AG2- Sickle cell disease and Thalassemia Flashcards
What is Sickle cell disease (SCD)?
abnormal form of Hgb in erythrocytes causing them to sickle
What are types of SCD?
sickle cell anemia, sickle cell thalassemia, sickle cell Hgb C disease, and sickle cell trait
What are sickling episodes most commonly triggered by?
Low oxygen tension in the blood
What are findings that hemolysis of RBCs is occuring?
jaundice, elevated bilirubin levels, decreased levels of Hgb, reticulocytes, and folate.
What changes occur in the spleen with SCD?
becomes smaller and nonfunctional because of repeated scarring
What symptoms may a person experience during a sickle cell crisis?
severe pain, fever, swelling, tenderness, tachypnea, HTN, N/V
Possible complication of lack of oxygen to the kidneys?
AKI
Pulmonary complications associated with SCD?
PNA, tissue infarction, fat embolism, MI, cor pulmonale
Cardiovascular complications of SCD?
heart becomes ischemic and enlarged, leading to heart failure
What is Thalassemia?
group of diseases involving inadequate production of normal Hgb and therefore a decrease in erythrocyte production
Symptoms of Thalassemia minor?
frequently asymptomatic and mild to moderate anemia with microcytosis (small cells) and hypochromia (pale cells)
Symptoms of Thalassemia major?
delayed physical and mental development, pallor, splenomegaly, hepatomegaly, and jaundice from hemolysis of RBCs, chronic bone marrow hyperplasia causing expansion of the marrow space, thickening of the cranium and maxillary cavity.

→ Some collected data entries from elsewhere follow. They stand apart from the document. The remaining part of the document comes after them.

lemma coplanar_if_rigid_motions_onto_lines:
  fixes v1 v2 v3 :: "real^'n"
  assumes "CARD('n) \<ge> 2" "v1 \<noteq> 0"
    and movable: "\<forall>z1 z2 z3. \<exists>g. rigid_motion g \<and>
       g z1 \<in> span {v1} \<and> g z2 \<in> span {v2} \<and> g z3 \<in> span {v3}"
  shows "dim {v1, v2, v3} = 2"
proof -
  have "\<not> (\<forall>i\<in>UNIV. \<forall>j\<in>UNIV. i = (j::'n))"
    using assms(1) card_le_Suc0_iff_eq[of "UNIV :: 'n set"] by auto
  then obtain i j :: 'n where "i \<noteq> j" by blast
  have "2 \<le> dim {v1, v2, v3}"
  proof -
    obtain g where g: "rigid_motion g"
        "g 0 \<in> span {v1}" "g (axis i 1) \<in> span {v2}" "g (axis j 1) \<in> span {v3}"
      using movable by blast
    have "span {v1} \<union> span {v2} \<union> span {v3} \<subseteq> span {v1, v2, v3}"
      by (auto intro: span_mono[THEN subsetD])
    with g \<open>i \<noteq> j\<close> have "2 \<le> dim (span {v1, v2, v3})"
      by (intro two_le_dim_if_rigid_image[of g "span {v1, v2, v3}" "axis i 1" "axis j 1"])
         (auto simp: inner_axis_axis)
    then show ?thesis by simp
  qed
  moreover have "dim {v1, v2, v3} \<noteq> 3"
  proof -
    obtain g where "rigid_motion g" "g 0 \<in> span {v1}" "g (axis i 1) \<in> span {v2}"
        "g (axis i 1 + axis i 1) \<in> span {v3}"
      using movable by blast
    then show ?thesis by (rule dim_ne_3_if_collinear_rigid_image) simp
  qed
  moreover have "dim {v1, v2, v3} \<le> 3"
    by (rule order_trans[OF dim_le_card']) (simp_all add: card_insert_le_m1)
  ultimately show ?thesis by linarith
qed

theorem proposition3p4:
  fixes l1 l2 l3 :: "(real^'n) set"
  assumes "CARD('n) \<ge> 2"
    and "line_through_origin l1" and "line_through_origin l2" and "line_through_origin l3"
  shows "dim {x + y + z | x y z. x \<in> l1 \<and> y \<in> l2 \<and> z \<in> l3} = 2 \<longleftrightarrow>
         (\<forall>z1 z2 z3 :: real^'n. \<exists>g. rigid_motion g \<and> g z1 \<in> l1 \<and> g z2 \<in> l2 \<and> g z3 \<in> l3)"
proof -
  obtain v1 v2 v3 where v: "v1 \<noteq> 0" "v2 \<noteq> 0" "v3 \<noteq> 0"
      and l: "l1 = span {v1}" "l2 = span {v2}" "l3 = span {v3}"
    using assms(2-4) unfolding line_through_origin_def by metis
  have "dim {x + y + z | x y z. x \<in> l1 \<and> y \<in> l2 \<and> z \<in> l3} = dim {v1, v2, v3}"
    by (simp add: l sum_of_lines_eq_span)
  moreover note coplanar_if_rigid_motions_onto_lines[OF assms(1) v(1), of v2 v3]
  moreover have "dim {v1, v2, v3} = 2 \<Longrightarrow>
      \<forall>z1 z2 z3. \<exists>g. rigid_motion g \<and> g z1 \<in> l1 \<and> g z2 \<in> l2 \<and> g z3 \<in> l3"
    unfolding l using rigid_motion_onto_coplanar_lines[OF v] by metis
  ultimately show ?thesis unfolding l by argo
qed

end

Why are fluids and electrolytes important in the management of SCD and SCC?
to reduce blood viscosity and maintain renal function
Ways to avoid a sickle cell crisis?
avoid dehydration and hypoxia
How is thalassemia major treated?
with blood transfusion or exchange transfusions in conjunction with oral deferasirox or IV or subcut deferoxamine to reduce the iron overloading that occurs with frequent transfusion therapy.